Grote mensen zijn onbegrijpelijk. En ze maken het leven erg moeilijk. Dat is niet eerlijk. Weet je wat ook niet eerlijk is? Papa en mama gaan vanavond uit eten in een restaurant. Omdat ze vijf jaar getrouwd zijn. En ik? Ik moet thuisblijven. Bij de oppas. Ik ben er boos over.. Terwijl zij lekker zitten te eten, moet ik naar bed. En dat is voor mij, Aron Botros Visser, gewoon heel erg shit chips.

Monday, May 2, 2016

Twee keer Paasfeest

Toen opa en oma hier waren, vierden we Pasen. Dat was heel gezellig. Maar nu zijn ze weg en hebben we het nog een keer gevierd. Ik weet niet waarom we het twee keer vierden. Maar dat is niet erg.

Zondagmorgen maakte papa mij heel vroeg wakker. Meestal is dat andersom. Maar deze morgen lag ik nog te slapen. Hij zei dat we weg gingen met de auto. Ik schrok ervan dat hij zo vroeg kwam. Maar ik ben er toch maar uit gegaan.

Eerst gingen we nog iemand anders ophalen. En toen gingen we een eind rijden. Onderweg dronken de grote mensen koffie. Ik kreeg een pakje melk. Buiten was het donker. En de weg was leeg. Na een tijdje werd het een beetje licht. Toen reden we een berg op en daar stapten we uit. Het donker was toen al bijna helemaal weg.

We waren op de berg Nebo. Dat is een heel belangrijke berg. Bovenop staat een kerkje. Daar gingen we in. Er waren veel mensen. We gingen zingen en bidden. Eigenlijk duurde het best wel lang. Ik zei steeds dat ik buiten wilde spelen. Maar het was zo druk dat ik er niet uit kon.

Kerkdiensten duren vreselijk lang. Aan het eind was ik heel blij dat ik naar buiten mocht. De zon scheen al een beetje. We gingen eerst eten met alle andere mensen. Je kon kiezen uit wel duizend dingen. Ik heb een ei gegeten. Want het was Pasen. Maar hij was niet van chocola. Papa wilde ook dat ik een stukje cake zou eten, want die had hij zelf gebakken. Maar ik vond hem niet zo lekker. Daar kan ik ook niets aan doen. Ik heb hem aan papa teruggegeven.

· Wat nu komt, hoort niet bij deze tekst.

lemma rlo_obj_ge_weighted_slack:
  assumes dual: "rlo_dual_feasible a alpha Js G c pv phi lam mu"
  shows "(\<Sum>i\<in>UNIV. pv $ i * slack a b xh i - (\<Sum>j\<in>Js i. alpha i j * \<bar>xh $ j\<bar> * phi i j))
    \<le> rlo_obj b xh c pv"
proof -
  define V where "V i j = alpha i j * \<bar>xh $ j\<bar> * phi i j" for i j
  have slack_swap: "(\<Sum>i\<in>UNIV. pv $ i * slack a b xh i) =
      (\<Sum>j\<in>UNIV. (\<Sum>i\<in>UNIV. a i j * pv $ i) * xh $ j) - (\<Sum>i\<in>UNIV. b $ i * pv $ i)"
  proof -
    have "(\<Sum>i\<in>UNIV. pv $ i * slack a b xh i) =
        (\<Sum>i\<in>UNIV. \<Sum>j\<in>UNIV. a i j * pv $ i * xh $ j) - (\<Sum>i\<in>UNIV. b $ i * pv $ i)"
      by (simp add: slack_def right_diff_distrib sum_subtractf sum_distrib_left mult_ac)
    also have "(\<Sum>i\<in>UNIV. \<Sum>j\<in>UNIV. a i j * pv $ i * xh $ j) = (\<Sum>j\<in>UNIV. (\<Sum>i\<in>UNIV. a i j * pv $ i) * xh $ j)"
      by (subst sum.swap) (simp add: sum_distrib_right)
    finally show ?thesis .
  qed
  have V_swap: "(\<Sum>i\<in>UNIV. \<Sum>j\<in>Js i. V i j) = (\<Sum>j\<in>UNIV. \<Sum>i\<in>{i. j \<in> Js i}. V i j)"
    using sum.swap_restrict[of "UNIV :: 'm set" "UNIV :: 'n set" V "\<lambda>i j. j \<in> Js i"] by simp
  have "(\<Sum>i\<in>UNIV. pv $ i * slack a b xh i - (\<Sum>j\<in>Js i. V i j)) =
      (\<Sum>j\<in>UNIV. (\<Sum>i\<in>UNIV. a i j * pv $ i) * xh $ j - (\<Sum>i\<in>{i. j \<in> Js i}. V i j))
      - (\<Sum>i\<in>UNIV. b $ i * pv $ i)"
    using slack_swap V_swap by (simp add: sum_subtractf)
  also have "\<dots> \<le> (\<Sum>j\<in>UNIV. c $ j * xh $ j) - (\<Sum>i\<in>UNIV. b $ i * pv $ i)"
    using rlo_dual_feasible_c_mult_ge[OF dual] unfolding V_def by (simp add: sum_mono)
  finally show ?thesis
    unfolding V_def rlo_obj_def .
qed

end

locale sorted_budget_uncertainty = budget_uncertainty +
  fixes ord :: "'m::finite \<Rightarrow> real^'n::finite \<Rightarrow> nat \<Rightarrow> 'n"
  assumes ord_valid: "\<And>i x. valid_order alpha Js i x (ord i x)"
begin

lemma ord_decreasing_enumeration:
  "decreasing_enumeration (ord i x) (card (Js i)) (Js i) (\<lambda>j. alpha i j * \<bar>x $ j\<bar>)"
  using valid_order_imp_decreasing_enumeration[OF ord_valid alpha_nonneg] .

lemma abar_nonzero:
  assumes G: "0 \<le> G" "G \<le> real (card (Js i))"
    and a_large: "(\<exists>j\<in>Js i. alpha i j < \<bar>a i j\<bar>) \<or> (\<exists>j. j \<notin> Js i \<and> a i j \<noteq> 0)"
  shows "abar a alpha Js ord i G x \<noteq> 0"
proof -
  let ?w = "greedy_weight (ord i x) (card (Js i)) G"
  have "\<exists>j. abar a alpha Js ord i G x $ j \<noteq> 0"
    using a_large
  proof (elim disjE bexE exE conjE)
    fix j assume j: "j \<in> Js i" "alpha i j < \<bar>a i j\<bar>"
    have "\<bar>sgnp (x $ j) * alpha i j * ?w j\<bar> \<le> alpha i j"
      using greedy_weight_bounds[of "ord i x" "card (Js i)" G j] alpha_nonneg[OF j(1)]
      by (simp add: abs_mult abs_sgnp mult_left_le)
    then have "a i j \<noteq> sgnp (x $ j) * alpha i j * ?w j"
      using j(2) by auto
    then have "abar a alpha Js ord i G x $ j \<noteq> 0"
      by (simp add: abar_eq_greedy_weight)
    then show ?thesis ..
  next
    fix j assume "j \<notin> Js i" "a i j \<noteq> 0"
    then have "abar a alpha Js ord i G x $ j \<noteq> 0"
      using decreasing_enumeration.greedy_weight_outside[OF ord_decreasing_enumeration G]
      by (simp add: abar_eq_greedy_weight)
    then show ?thesis ..
  qed
  then show ?thesis by auto
qed

lemma robust_primal_feasible_imp_Pfun_le_slack:
  assumes feas: "robust_primal_feasible a alpha Js b xh G u y z"
    and G: "0 \<le> G $ i" "G $ i \<le> real (card (Js i))"
  shows "Pfun alpha ord i (G $ i) xh \<le> slack a b xh i"
proof -
  have u_lower: "\<And>j. j \<in> Js i \<Longrightarrow> 0 \<le> alpha i j * xh $ j + u i j \<and> 0 \<le> - alpha i j * xh $ j + u i j"
    and yz_ge_u: "\<And>j. j \<in> Js i \<Longrightarrow> u i j \<le> y i j + z $ i"
    and row: "b $ i \<le> (\<Sum>j\<in>UNIV. a i j * xh $ j) - (\<Sum>j\<in>Js i. y i j) - G $ i * z $ i"
    and y_nonneg: "\<And>j. j \<in> Js i \<Longrightarrow> 0 \<le> y i j"
    using feas unfolding robust_primal_feasible_def by auto
  have "alpha i j * \<bar>xh $ j\<bar> \<le> y i j + z $ i" if j: "j \<in> Js i" for j
  proof -
    have "alpha i j * \<bar>xh $ j\<bar> \<le> u i j"
      using u_lower[OF j] alpha_nonneg[OF j] by (cases "0 \<le> xh $ j") auto
    then show ?thesis using yz_ge_u[OF j] by linarith
  qed
  then have "Pfun alpha ord i (G $ i) xh \<le> (\<Sum>j\<in>Js i. y i j) + G $ i * z $ i"
    using decreasing_enumeration.top_sum_weak_duality[OF ord_decreasing_enumeration G]
      y_nonneg unfolding Pfun_eq_top_sum by blast
  also have "\<dots> \<le> slack a b xh i"
    using row unfolding slack_def by (simp add: algebra_simps)
  finally show ?thesis .
qed
theorem lemma2p5:
  fixes \<sigma> :: real
  assumes "\<sigma> > 0"
  shows "(\<forall>p::real. 1 \<le> p \<longrightarrow>
            S_bounded_Lp (lborel :: 'a::euclidean_space measure) p \<sigma> \<and>
            S_bounded_Lp (gauss_measure :: 'a measure) p \<sigma>) \<and>
         S_bounded_Linf (lborel :: 'a measure) \<sigma> \<and>
         S_bounded_Linf (gauss_measure :: 'a measure) \<sigma>"
proof -
  define g :: "'a \<Rightarrow> real" where "g x = pi powr (- real DIM('a) / 2) * exp (- (norm x)\<^sup>2)" for x
  have gauss: "gauss_measure = density lborel g"
    by (simp add: gauss_measure_def g_def)
  have lebesgue: "(lborel :: 'a measure) = density lborel (\<lambda>_. ennreal 1)"
    by (simp add: density_1)
  have [measurable]: "g \<in> borel_measurable lborel"
    unfolding g_def by measurable
  have g_local: "g x \<le> exp \<sigma> * g y" if "(x, y) \<in> local_region \<sigma>" for x y
    unfolding g_def using exp_neg_norm_power2_le_local[OF that]
    by (simp add: mult.left_commute[of "exp \<sigma>"])
  have "S_bounded_Lp (lborel :: 'a measure) p \<sigma>" if "1 \<le> p" for p
    by (subst lebesgue, rule S_bounded_Lp_density[OF assms _ _ _ _ that, where c = 1]) auto
  moreover have "S_bounded_Lp (density lborel g) p \<sigma>" if "1 \<le> p" for p
    by (rule S_bounded_Lp_density[OF assms _ _ g_local _ that]) (auto simp: g_def)
  moreover have "S_bounded_Linf (lborel :: 'a measure) \<sigma>"
    by (subst lebesgue, rule S_bounded_Linf_density[OF assms]) auto
  moreover have "S_bounded_Linf (density lborel g) \<sigma>"
    by (rule S_bounded_Linf_density[OF assms]) (auto simp: g_def)
  ultimately show ?thesis
    unfolding gauss by blast
qed

end
lemma quotient_kernel_on:
  assumes s: "equiv X s" and h: "\<And>x y. x \<in> X \<Longrightarrow> y \<in> X \<Longrightarrow> h x = h y \<longleftrightarrow> (x, y) \<in> s"
  shows "X // s = (\<lambda>a. {x \<in> X. h x = a}) ` h ` X"
    and "inj_on (\<lambda>a. {x \<in> X. h x = a}) (h ` X)"
proof -
  have "s `` {x} = {y \<in> X. h y = h x}" if x: "x \<in> X" for x
  proof (rule set_eqI)
    fix y
    show "y \<in> s `` {x} \<longleftrightarrow> y \<in> {y \<in> X. h y = h x}"
    proof (cases "y \<in> X")
      case True
      then show ?thesis using h[OF x True] by auto
    qed (use equiv_type[OF s] in auto)
  qed
  then have "X // s = (\<lambda>x. {y \<in> X. h y = h x}) ` X"
    unfolding quotient_def by (auto intro!: image_cong)
  also have "\<dots> = (\<lambda>a. {x \<in> X. h x = a}) ` h ` X" by (simp add: image_image)
  finally show "X // s = (\<lambda>a. {x \<in> X. h x = a}) ` h ` X" .
  show "inj_on (\<lambda>a. {x \<in> X. h x = a}) (h ` X)"
    by (rule inj_onI) blast
qed
lemma ract_dominated:
  assumes E: "tens1_dominated d \<beta> L r E" and b: "tens_dominated d \<alpha> L b"
    and "r \<le> 2" "0 \<le> L" "\<forall>p. 0 \<le> \<alpha> p" "\<forall>m. 0 \<le> \<beta> m"
  shows "tens1_dominated d (\<lambda>m. \<Sum>q\<le>m. \<beta> (m - q) * \<alpha> q) L r (ract E b)"
  unfolding tens1_dominated_def
proof (intro allI impI)
  fix m \<iota> assume "\<iota> \<in> idx1 d m"
  then obtain k i j w where \<iota>: "\<iota> = (k, i, j, w)" and w: "i < j" "j < d" "set w \<subseteq> {..<d}"
    "length w + 2 = m" "k \<le> length w"
    unfolding idx1_def by auto
  let ?n = "length w"
  have "\<bar>ract E b \<iota>\<bar>
      \<le> (\<Sum>q\<le>?n - k. \<bar>E (k, i, j, take (?n - q) w)\<bar> * \<bar>b (drop (?n - q) w)\<bar>)"
    unfolding \<iota> ract_def abs_mult[symmetric] by simp
  also have "\<dots> \<le> (\<Sum>q\<le>?n - k. \<beta> (m - q) * \<alpha> q * L ^ (m - r))"
  proof (rule sum_mono)
    fix q assume q: "q \<in> {..?n - k}"
    have "set (take (?n - q) w) \<subseteq> {..<d}" "set (drop (?n - q) w) \<subseteq> {..<d}"
      using w(3) set_take_subset[of "?n - q" w] set_drop_subset[of "?n - q" w] by blast+
    moreover have "length (drop (?n - q) w) = q"
      using q w by auto
    ultimately have "\<bar>b (drop (?n - q) w)\<bar> \<le> \<alpha> q * L ^ q"
      using tens_dominatedD[OF b, of "drop (?n - q) w"] by simp
    moreover have "(k, i, j, take (?n - q) w) \<in> idx1 d (m - q)"
      using q w \<open>set (take (?n - q) w) \<subseteq> {..<d}\<close> unfolding idx1_def by auto
    then have "\<bar>E (k, i, j, take (?n - q) w)\<bar> \<le> \<beta> (m - q) * L ^ (m - q - r)"
      by (rule tens1_dominatedD[OF E])
    ultimately have "\<bar>E (k, i, j, take (?n - q) w)\<bar> * \<bar>b (drop (?n - q) w)\<bar>
        \<le> (\<beta> (m - q) * L ^ (m - q - r)) * (\<alpha> q * L ^ q)"
      using assms(4-6) by (intro mult_mono) auto
    also have "\<dots> = \<beta> (m - q) * \<alpha> q * L ^ ((m - q - r) + q)"
      by (simp add: power_add mult_ac)
    also have "(m - q - r) + q = m - r"
      using q w assms(3) by auto
    finally show "\<bar>E (k, i, j, take (?n - q) w)\<bar> * \<bar>b (drop (?n - q) w)\<bar>
        \<le> \<beta> (m - q) * \<alpha> q * L ^ (m - r)" .
  qed
  also have "\<dots> \<le> (\<Sum>q\<le>m. \<beta> (m - q) * \<alpha> q * L ^ (m - r))"
    using w assms(4-6) by (intro sum_mono2) auto
  finally show "\<bar>ract E b \<iota>\<bar> \<le> (\<Sum>q\<le>m. \<beta> (m - q) * \<alpha> q) * L ^ (m - r)"
    by (simp add: sum_distrib_right)
qed
theorem proposition7:
  fixes T :: "(real^2) set set" and \<Omega> :: "(real^2) set"
    and p g \<gamma> :: real and u :: "(real^2) \<Rightarrow> real"
  assumes "triangulation T \<Omega>" and "connected \<Omega>" and "bounded \<Omega>"
    and "1 < p" and "0 < g" and "0 < \<gamma>"
    and "u \<in> Vh0 T \<Omega>"
  shows "\<forall>w \<in> Vh0 T \<Omega>. w \<noteq> (\<lambda>x. 0) \<longrightarrow> slant_J p g \<gamma> \<Omega> u w w > 0"
proof (intro ballI impI)
  fix w assume w: "w \<in> Vh0 T \<Omega>" and "w \<noteq> (\<lambda>x. 0)"
  note tri = assms(1)
  obtain a where a: "\<And>V x. V \<in> T \<Longrightarrow> x \<in> interior (convex hull V) \<Longrightarrow> grad u x = a V"
    using Vh0_grad_piecewise_constant[OF assms(7)] by blast
  obtain b where b: "\<And>V x. V \<in> T \<Longrightarrow> x \<in> interior (convex hull V) \<Longrightarrow> grad w x = b V"
    using Vh0_grad_piecewise_constant[OF w] by blast
  obtain V0 where V0: "V0 \<in> T" and "b V0 \<noteq> 0"
    using Vh0_nonzero_slope[where c=b, OF tri assms(3) w \<open>w \<noteq> (\<lambda>x. 0)\<close> b] by blast
  let ?m = "\<lambda>V. measure lebesgue (convex hull V)"
  have "0 < (\<Sum>V\<in>T. slant_density p g \<gamma> (a V) (b V) * ?m V)"
  proof (rule sum_pos2[OF _ V0])
    show "finite T" using triangulation_finite[OF tri] .
    show "0 < slant_density p g \<gamma> (a V0) (b V0) * ?m V0"
      using slant_density_pos[OF assms(4-6) \<open>b V0 \<noteq> 0\<close>]
        measure_triangle_pos[OF triangulation_triangle[OF tri V0]] by simp
    show "0 \<le> slant_density p g \<gamma> (a V) (b V) * ?m V" for V
      by (intro mult_nonneg_nonneg slant_density_nonneg[OF assms(4-6)] measure_nonneg)
  qed
  then show "0 < slant_J p g \<gamma> \<Omega> u w w"
    using slant_J_eq_sum[OF tri a b] by simp
qed
lemma scale_add3_split:
  "sc i (a1 + a2 + (b1 + b2) + (c1 + c2)) = sc i (a1 + b1 + c1) + sc i (a2 + b2 + c2)"
  by (simp only: V.scale_right_distrib[symmetric]) (simp add: ac_simps)

abbreviation "G \<equiv> gpart G0 G1"
abbreviation "even_part \<equiv> pr0 G0 G1"
abbreviation "odd_part \<equiv> pr1 G0 G1"
abbreviation "twist \<equiv> sgnx G0 G1"

lemma G_False [simp]: "G False = G0" and G_True [simp]: "G True = G1"
  by (simp_all add: gpart_def)

lemma G0_zero [simp]: "0 \<in> G0" and G1_zero [simp]: "0 \<in> G1"
  and G0_add: "x \<in> G0 \<Longrightarrow> y \<in> G0 \<Longrightarrow> x + y \<in> G0"
  and G1_add: "x \<in> G1 \<Longrightarrow> y \<in> G1 \<Longrightarrow> x + y \<in> G1"
  and G0_scale: "x \<in> G0 \<Longrightarrow> sc a x \<in> G0"
  and G1_scale: "x \<in> G1 \<Longrightarrow> sc a x \<in> G1"
  and G_decomp: "\<exists>a\<in>G0. \<exists>c\<in>G1. z = a + c"
  and G0_Int_G1: "G0 \<inter> G1 = {0}"
  using lie_superalgebra unfolding lie_superalgebra_def by auto

lemma G_zero [simp]: "0 \<in> G c"
  and G_add: "x \<in> G c \<Longrightarrow> y \<in> G c \<Longrightarrow> x + y \<in> G c"
  and G_scale: "x \<in> G c \<Longrightarrow> sc a x \<in> G c"
  by (cases c; simp add: G0_zero G1_zero G0_add G1_add G0_scale G1_scale)+

lemma G_neg: "x \<in> G c \<Longrightarrow> - x \<in> G c"
  using G_scale[of x c "-1"] by simp

lemma G_diff: "x \<in> G c \<Longrightarrow> y \<in> G c \<Longrightarrow> x - y \<in> G c"
  using G_add[of x c "- y"] G_neg by simp

lemma G_neg_if: "x \<in> G c \<Longrightarrow> neg_if t x \<in> G c"
  by (cases t) (simp_all add: G_neg)

lemma bracket_linear_left: "Vector_Spaces.linear sc sc (\<lambda>y. brG y x)"
  and bracket_linear_right: "Vector_Spaces.linear sc sc (brG x)"
  using lie_superalgebra unfolding lie_superalgebra_def by blast+

lemma bracket_add_left: "brG (y + z) x = brG y x + brG z x"
  and bracket_scale_left: "brG (sc c y) x = sc c (brG y x)"
  using bracket_linear_left[of x] by (simp_all add: linear_iff_module_hom module_hom_iff)

lemma bracket_add_right: "brG x (y + z) = brG x y + brG x z"
  and bracket_scale_right: "brG x (sc c y) = sc c (brG x y)"
  using bracket_linear_right[of x] by (simp_all add: linear_iff_module_hom module_hom_iff)

lemma bracket_zero_left [simp]: "brG 0 x = 0" and bracket_zero_right [simp]: "brG x 0 = 0"
  using bracket_scale_left[of 0 0 x] bracket_scale_right[of x 0 0] by simp_all

lemma bracket_parity: "x \<in> G a \<Longrightarrow> y \<in> G c \<Longrightarrow> brG x y \<in> G (a \<noteq> c)"
  and bracket_antisym:
    "x \<in> G a \<Longrightarrow> y \<in> G c \<Longrightarrow> brG x y = (if a \<and> c then brG y x else - brG y x)"
  and bracket_jacobi: "x \<in> G a \<Longrightarrow> y \<in> G c \<Longrightarrow>
    brG x (brG y z) = brG (brG x y) z + (if a \<and> c then - brG y (brG x z) else brG y (brG x z))"
  using lie_superalgebra unfolding lie_superalgebra_def by blast+

lemma bracket_jacobi_right:
  assumes y: "y \<in> G b" and z: "z \<in> G c"
  shows "brG (brG a y) z = brG a (brG y z) + neg_if (b \<and> c) (brG (brG a z) y)"
proof -
  have homogeneous: "brG (brG a' y) z = brG a' (brG y z) + neg_if (b \<and> c) (brG (brG a' z) y)"
    if a': "a' \<in> G d" for a' d
    using bracket_jacobi[OF a' y, of z] bracket_antisym[OF bracket_parity[OF a' z] y]
    by (cases b; cases c; cases d) (auto simp: algebra_simps)
  obtain a0 a1 where "a0 \<in> G0" "a1 \<in> G1" "a = a0 + a1"
    using G_decomp by blast
  then show ?thesis
    using homogeneous[of a0 False] homogeneous[of a1 True]
    by (simp add: bracket_add_left neg_if_def algebra_simps)
qed
lemma psi_apply: "psi n f T = (if T \<subseteq> {1..n} then f T else 0)"
proof -
  have "psi n f T = (\<Sum>S\<in>Pow {1..n}. if S = T then f S else 0)"
    unfolding psi_def by (intro sum.cong) (auto simp: tbasis_def)
  then show ?thesis by simp
qed

lemma psi_id_on_tensor_space: "f \<in> tensor_space n \<Longrightarrow> psi n f = f"
  unfolding tensor_space_def by (rule ext) (auto simp: psi_apply)

lemma Phi_psi: "Phi n t (psi n f) = Phi n t f"
  unfolding Phi_def by (auto simp: psi_apply intro!: sum.cong)

lemma wedge_act_homogeneous:
  assumes "\<And>S. v S \<noteq> 0 \<Longrightarrow> card S = k" "1 \<le> k" "1 \<le> t" "Suc t \<le> n"
  shows "wedge_act n t v = (\<lambda>T. qq ^ (k - 1) * Phi n t v T)"
proof
  fix T
  have "v S * wedge n (map (\<lambda>i. Phi n t (tbasis {i})) (sorted_list_of_set S)) T
      = qq ^ (k - 1) * (v S * Phi_basis t S T)" if "S \<in> Pow {1..n}" for S
  proof (cases "v S = 0")
    case False
    then have "card S = k" using assms(1) by blast
    moreover from this have "S \<noteq> {}" using assms(2) by auto
    ultimately show ?thesis using that assms(3,4) wedge_sigma_basis[of S n t] by simp
  qed simp
  then have "wedge_act n t v T = (\<Sum>S\<in>Pow {1..n}. qq ^ (k - 1) * (v S * Phi_basis t S T))"
    unfolding wedge_act_def by (rule sum.cong[OF refl])
  also have "\<dots> = qq ^ (k - 1) * Phi n t v T"
    unfolding Phi_def by (rule sum_distrib_left[symmetric])
  finally show "wedge_act n t v T = qq ^ (k - 1) * Phi n t v T" .
qed

theorem proposition1p3:
  fixes n k t :: nat and v :: vec
  assumes "n \<ge> 2" and "1 \<le> k" and "k \<le> n - 1"
    and "1 \<le> t" and "t \<le> n - 1"
    and "v \<in> wedge_H1 n k"
  shows "psi n (wedge_act n t v) = (\<lambda>T. qq ^ (k - 1) * Phi n t (psi n v) T)"
proof -
  have "psi n (wedge_act n t v) = wedge_act n t v"
    by (rule psi_id_on_tensor_space[OF wedge_act_in_tensor_space])
  also have "\<dots> = (\<lambda>T. qq ^ (k - 1) * Phi n t v T)"
    using assms by (intro wedge_act_homogeneous wedge_H1_support) auto
  finally show ?thesis by (simp only: Phi_psi)
qed

end
lemma edge_avoids_band: "k < length vs \<Longrightarrow> edge vs k \<inter> box (x, y) (c, y + d) = {}"
proof (rule ccontr)
  \<comment> \<open>along the boundary cycle, the top edge would be trapped too\<close>
  assume k: "k < length vs" and "edge vs k \<inter> box (x, y) (c, y + d) \<noteq> {}"
  moreover have "{x + d..a} \<times> {y<..<y + d} \<subseteq> box (x, y) (c, y + d)"
    using d_pos a_less_c by (auto simp: box_Pair_real)
  ultimately have "edge vs i1 \<subseteq> {x + d..a} \<times> {y<..<y + d}"
    using edges_in_trap_if_one_meets[OF edge_meeting_band_trapped] top_edge(1) by blast
  moreover have "(c, y + d) \<in> edge vs i1" using on_top_edge top_edge(4) square_left_of_c by simp
  ultimately show False by auto
qed

lemma closed_band_in_region: "cbox (x, y) (c, y + d) \<subseteq> region vs"
proof -
  let ?C = "path_image (boundary_path vs)" and ?z = "(x + d / 2, y + d / 2)"
  have "vs \<noteq> []" using top_edge(1) by auto
  have "closed ?C"
    using polygon by (simp add: ortho_polygon_def closed_path_image simple_path_imp_path)
  moreover have avoids: "box (x, y) (c, y + d) \<inter> ?C = {}"
    using edge_avoids_band path_image_boundary_path[OF \<open>vs \<noteq> []\<close>] by blast
  moreover have z: "?z \<in> box (x, y) (c, y + d)" using d_pos square_left_of_c by (simp add: box_Pair_real)
  moreover have "?z \<in> inside ?C"
  proof -
    have "?z \<in> region vs" using square_in_region d_pos by (auto simp: sq_def cbox_Pair_real)
    then show ?thesis using avoids z by (auto simp: region_def)
  qed
  ultimately have "closure (box (x, y) (c, y + d)) \<subseteq> region vs"
    unfolding region_def by (intro closure_subset_inside_if_connected) (auto intro: convex_connected)
  moreover have "closure (box (x, y) (c, y + d)) = cbox (x, y) (c, y + d)" using z by (intro closure_box) blast
  ultimately show ?thesis by simp
qed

Toen gingen we nog even kijken op de rand van de berg. Daar staat een kruis met een slang eromheen. Maar hij is niet echt. Hij is gemaakt van ijzer. Vanaf de rand van de berg kun je heel ver kijken. Eerst is er de Dode Zee. Daarachter ligt een ander land. Dat heet Israel. Als je goed kijkt, kun je het zien liggen. Maar het is wel moeilijk want er is veel zand in de lucht.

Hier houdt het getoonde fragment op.